● **Work instruction**:
Output all the records below, word for word.

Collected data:
★ ★ ★
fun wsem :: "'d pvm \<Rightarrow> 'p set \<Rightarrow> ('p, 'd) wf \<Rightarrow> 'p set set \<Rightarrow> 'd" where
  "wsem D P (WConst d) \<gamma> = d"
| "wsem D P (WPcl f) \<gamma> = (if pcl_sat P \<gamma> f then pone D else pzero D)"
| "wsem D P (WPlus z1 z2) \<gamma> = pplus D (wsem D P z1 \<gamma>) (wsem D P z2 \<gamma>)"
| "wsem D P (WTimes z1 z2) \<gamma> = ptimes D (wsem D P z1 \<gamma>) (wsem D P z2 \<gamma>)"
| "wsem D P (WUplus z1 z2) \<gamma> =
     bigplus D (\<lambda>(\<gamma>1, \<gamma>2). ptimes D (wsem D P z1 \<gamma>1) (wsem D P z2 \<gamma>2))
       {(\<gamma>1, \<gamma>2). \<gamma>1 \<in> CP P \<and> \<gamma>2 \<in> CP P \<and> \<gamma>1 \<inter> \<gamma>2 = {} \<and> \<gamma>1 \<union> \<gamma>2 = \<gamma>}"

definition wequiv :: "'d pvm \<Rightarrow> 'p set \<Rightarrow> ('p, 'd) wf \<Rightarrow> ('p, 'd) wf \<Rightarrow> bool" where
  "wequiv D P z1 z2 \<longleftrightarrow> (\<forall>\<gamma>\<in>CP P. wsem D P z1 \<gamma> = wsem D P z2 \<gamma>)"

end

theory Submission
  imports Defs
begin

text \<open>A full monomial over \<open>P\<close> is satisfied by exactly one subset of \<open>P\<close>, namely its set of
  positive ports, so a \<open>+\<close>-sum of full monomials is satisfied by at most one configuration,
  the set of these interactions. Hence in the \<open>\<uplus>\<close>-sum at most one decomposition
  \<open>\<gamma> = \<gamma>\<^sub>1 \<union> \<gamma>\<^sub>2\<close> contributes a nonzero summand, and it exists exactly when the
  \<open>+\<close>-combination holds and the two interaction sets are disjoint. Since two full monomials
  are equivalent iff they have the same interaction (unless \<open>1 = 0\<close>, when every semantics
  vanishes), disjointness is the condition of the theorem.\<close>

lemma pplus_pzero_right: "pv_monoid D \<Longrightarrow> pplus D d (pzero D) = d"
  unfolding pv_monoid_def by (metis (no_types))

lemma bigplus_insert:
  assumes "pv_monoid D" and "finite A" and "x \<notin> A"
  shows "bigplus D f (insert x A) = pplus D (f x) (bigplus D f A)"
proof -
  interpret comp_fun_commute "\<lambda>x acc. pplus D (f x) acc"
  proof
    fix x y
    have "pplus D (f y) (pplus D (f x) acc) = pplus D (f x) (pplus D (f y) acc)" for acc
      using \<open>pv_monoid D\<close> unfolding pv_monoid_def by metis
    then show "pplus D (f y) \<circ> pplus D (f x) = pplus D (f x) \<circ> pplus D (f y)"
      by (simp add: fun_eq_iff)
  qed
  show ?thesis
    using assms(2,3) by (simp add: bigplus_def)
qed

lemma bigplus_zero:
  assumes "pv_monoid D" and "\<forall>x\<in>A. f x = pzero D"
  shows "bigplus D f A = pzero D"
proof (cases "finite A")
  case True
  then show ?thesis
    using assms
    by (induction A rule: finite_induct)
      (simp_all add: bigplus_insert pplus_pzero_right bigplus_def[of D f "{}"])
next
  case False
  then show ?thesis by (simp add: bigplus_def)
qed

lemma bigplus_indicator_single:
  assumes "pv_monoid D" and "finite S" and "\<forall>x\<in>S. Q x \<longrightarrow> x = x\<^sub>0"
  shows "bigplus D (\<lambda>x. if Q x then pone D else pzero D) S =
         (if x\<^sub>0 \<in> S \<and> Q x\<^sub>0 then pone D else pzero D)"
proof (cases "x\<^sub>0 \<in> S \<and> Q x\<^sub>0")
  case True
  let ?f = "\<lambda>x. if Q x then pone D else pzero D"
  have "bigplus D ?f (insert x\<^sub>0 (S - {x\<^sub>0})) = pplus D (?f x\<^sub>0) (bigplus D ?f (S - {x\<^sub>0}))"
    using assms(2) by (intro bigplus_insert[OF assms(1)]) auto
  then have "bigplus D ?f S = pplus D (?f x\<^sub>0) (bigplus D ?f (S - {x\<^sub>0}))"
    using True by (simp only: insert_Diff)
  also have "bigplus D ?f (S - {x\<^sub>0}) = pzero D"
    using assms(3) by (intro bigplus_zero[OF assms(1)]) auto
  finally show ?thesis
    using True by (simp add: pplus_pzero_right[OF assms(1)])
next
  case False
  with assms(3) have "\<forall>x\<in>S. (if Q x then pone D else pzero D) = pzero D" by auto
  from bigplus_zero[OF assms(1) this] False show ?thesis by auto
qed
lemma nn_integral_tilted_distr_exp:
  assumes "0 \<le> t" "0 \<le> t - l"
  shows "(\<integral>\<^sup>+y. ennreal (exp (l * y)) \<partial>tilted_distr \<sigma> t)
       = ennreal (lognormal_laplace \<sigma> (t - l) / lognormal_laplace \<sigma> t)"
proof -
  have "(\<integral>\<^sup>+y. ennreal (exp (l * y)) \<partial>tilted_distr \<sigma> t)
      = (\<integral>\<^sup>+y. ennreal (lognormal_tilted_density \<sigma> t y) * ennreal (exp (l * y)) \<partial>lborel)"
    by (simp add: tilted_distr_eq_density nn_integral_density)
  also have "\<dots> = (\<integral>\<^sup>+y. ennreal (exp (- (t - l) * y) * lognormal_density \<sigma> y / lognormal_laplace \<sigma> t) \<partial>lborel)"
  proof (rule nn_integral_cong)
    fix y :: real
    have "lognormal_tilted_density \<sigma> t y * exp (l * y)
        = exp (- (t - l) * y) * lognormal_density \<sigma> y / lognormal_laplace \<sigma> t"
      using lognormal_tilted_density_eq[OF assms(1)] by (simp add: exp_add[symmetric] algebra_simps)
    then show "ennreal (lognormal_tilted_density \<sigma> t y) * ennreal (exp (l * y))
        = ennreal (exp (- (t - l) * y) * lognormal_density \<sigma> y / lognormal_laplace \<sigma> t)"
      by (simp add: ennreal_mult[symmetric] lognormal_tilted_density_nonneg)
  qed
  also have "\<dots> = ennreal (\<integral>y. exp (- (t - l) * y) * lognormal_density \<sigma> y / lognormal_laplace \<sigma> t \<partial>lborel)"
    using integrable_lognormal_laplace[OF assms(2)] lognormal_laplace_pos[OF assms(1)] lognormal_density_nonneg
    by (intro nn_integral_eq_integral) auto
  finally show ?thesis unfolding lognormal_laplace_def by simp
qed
★ ★ ★
● **Task response**:
fun wsem :: "'d pvm \<Rightarrow> 'p set \<Rightarrow> ('p, 'd) wf \<Rightarrow> 'p set set \<Rightarrow> 'd" where
  "wsem D P (WConst d) \<gamma> = d"
| "wsem D P (WPcl f) \<gamma> = (if pcl_sat P \<gamma> f then pone D else pzero D)"
| "wsem D P (WPlus z1 z2) \<gamma> = pplus D (wsem D P z1 \<gamma>) (wsem D P z2 \<gamma>)"
| "wsem D P (WTimes z1 z2) \<gamma> = ptimes D (wsem D P z1 \<gamma>) (wsem D P z2 \<gamma>)"
| "wsem D P (WUplus z1 z2) \<gamma> =
     bigplus D (\<lambda>(\<gamma>1, \<gamma>2). ptimes D (wsem D P z1 \<gamma>1) (wsem D P z2 \<gamma>2))
       {(\<gamma>1, \<gamma>2). \<gamma>1 \<in> CP P \<and> \<gamma>2 \<in> CP P \<and> \<gamma>1 \<inter> \<gamma>2 = {} \<and> \<gamma>1 \<union> \<gamma>2 = \<gamma>}"

definition wequiv :: "'d pvm \<Rightarrow> 'p set \<Rightarrow> ('p, 'd) wf \<Rightarrow> ('p, 'd) wf \<Rightarrow> bool" where
  "wequiv D P z1 z2 \<longleftrightarrow> (\<forall>\<gamma>\<in>CP P. wsem D P z1 \<gamma> = wsem D P z2 \<gamma>)"

end

theory Submission
  imports Defs
begin

text \<open>A full monomial over \<open>P\<close> is satisfied by exactly one subset of \<open>P\<close>, namely its set of
  positive ports, so a \<open>+\<close>-sum of full monomials is satisfied by at most one configuration,
  the set of these interactions. Hence in the \<open>\<uplus>\<close>-sum at most one decomposition
  \<open>\<gamma> = \<gamma>\<^sub>1 \<union> \<gamma>\<^sub>2\<close> contributes a nonzero summand, and it exists exactly when the
  \<open>+\<close>-combination holds and the two interaction sets are disjoint. Since two full monomials
  are equivalent iff they have the same interaction (unless \<open>1 = 0\<close>, when every semantics
  vanishes), disjointness is the condition of the theorem.\<close>

lemma pplus_pzero_right: "pv_monoid D \<Longrightarrow> pplus D d (pzero D) = d"
  unfolding pv_monoid_def by (metis (no_types))

lemma bigplus_insert:
  assumes "pv_monoid D" and "finite A" and "x \<notin> A"
  shows "bigplus D f (insert x A) = pplus D (f x) (bigplus D f A)"
proof -
  interpret comp_fun_commute "\<lambda>x acc. pplus D (f x) acc"
  proof
    fix x y
    have "pplus D (f y) (pplus D (f x) acc) = pplus D (f x) (pplus D (f y) acc)" for acc
      using \<open>pv_monoid D\<close> unfolding pv_monoid_def by metis
    then show "pplus D (f y) \<circ> pplus D (f x) = pplus D (f x) \<circ> pplus D (f y)"
      by (simp add: fun_eq_iff)
  qed
  show ?thesis
    using assms(2,3) by (simp add: bigplus_def)
qed

lemma bigplus_zero:
  assumes "pv_monoid D" and "\<forall>x\<in>A. f x = pzero D"
  shows "bigplus D f A = pzero D"
proof (cases "finite A")
  case True
  then show ?thesis
    using assms
    by (induction A rule: finite_induct)
      (simp_all add: bigplus_insert pplus_pzero_right bigplus_def[of D f "{}"])
next
  case False
  then show ?thesis by (simp add: bigplus_def)
qed

lemma bigplus_indicator_single:
  assumes "pv_monoid D" and "finite S" and "\<forall>x\<in>S. Q x \<longrightarrow> x = x\<^sub>0"
  shows "bigplus D (\<lambda>x. if Q x then pone D else pzero D) S =
         (if x\<^sub>0 \<in> S \<and> Q x\<^sub>0 then pone D else pzero D)"
proof (cases "x\<^sub>0 \<in> S \<and> Q x\<^sub>0")
  case True
  let ?f = "\<lambda>x. if Q x then pone D else pzero D"
  have "bigplus D ?f (insert x\<^sub>0 (S - {x\<^sub>0})) = pplus D (?f x\<^sub>0) (bigplus D ?f (S - {x\<^sub>0}))"
    using assms(2) by (intro bigplus_insert[OF assms(1)]) auto
  then have "bigplus D ?f S = pplus D (?f x\<^sub>0) (bigplus D ?f (S - {x\<^sub>0}))"
    using True by (simp only: insert_Diff)
  also have "bigplus D ?f (S - {x\<^sub>0}) = pzero D"
    using assms(3) by (intro bigplus_zero[OF assms(1)]) auto
  finally show ?thesis
    using True by (simp add: pplus_pzero_right[OF assms(1)])
next
  case False
  with assms(3) have "\<forall>x\<in>S. (if Q x then pone D else pzero D) = pzero D" by auto
  from bigplus_zero[OF assms(1) this] False show ?thesis by auto
qed
lemma nn_integral_tilted_distr_exp:
  assumes "0 \<le> t" "0 \<le> t - l"
  shows "(\<integral>\<^sup>+y. ennreal (exp (l * y)) \<partial>tilted_distr \<sigma> t)
       = ennreal (lognormal_laplace \<sigma> (t - l) / lognormal_laplace \<sigma> t)"
proof -
  have "(\<integral>\<^sup>+y. ennreal (exp (l * y)) \<partial>tilted_distr \<sigma> t)
      = (\<integral>\<^sup>+y. ennreal (lognormal_tilted_density \<sigma> t y) * ennreal (exp (l * y)) \<partial>lborel)"
    by (simp add: tilted_distr_eq_density nn_integral_density)
  also have "\<dots> = (\<integral>\<^sup>+y. ennreal (exp (- (t - l) * y) * lognormal_density \<sigma> y / lognormal_laplace \<sigma> t) \<partial>lborel)"
  proof (rule nn_integral_cong)
    fix y :: real
    have "lognormal_tilted_density \<sigma> t y * exp (l * y)
        = exp (- (t - l) * y) * lognormal_density \<sigma> y / lognormal_laplace \<sigma> t"
      using lognormal_tilted_density_eq[OF assms(1)] by (simp add: exp_add[symmetric] algebra_simps)
    then show "ennreal (lognormal_tilted_density \<sigma> t y) * ennreal (exp (l * y))
        = ennreal (exp (- (t - l) * y) * lognormal_density \<sigma> y / lognormal_laplace \<sigma> t)"
      by (simp add: ennreal_mult[symmetric] lognormal_tilted_density_nonneg)
  qed
  also have "\<dots> = ennreal (\<integral>y. exp (- (t - l) * y) * lognormal_density \<sigma> y / lognormal_laplace \<sigma> t \<partial>lborel)"
    using integrable_lognormal_laplace[OF assms(2)] lognormal_laplace_pos[OF assms(1)] lognormal_density_nonneg
    by (intro nn_integral_eq_integral) auto
  finally show ?thesis unfolding lognormal_laplace_def by simp
qed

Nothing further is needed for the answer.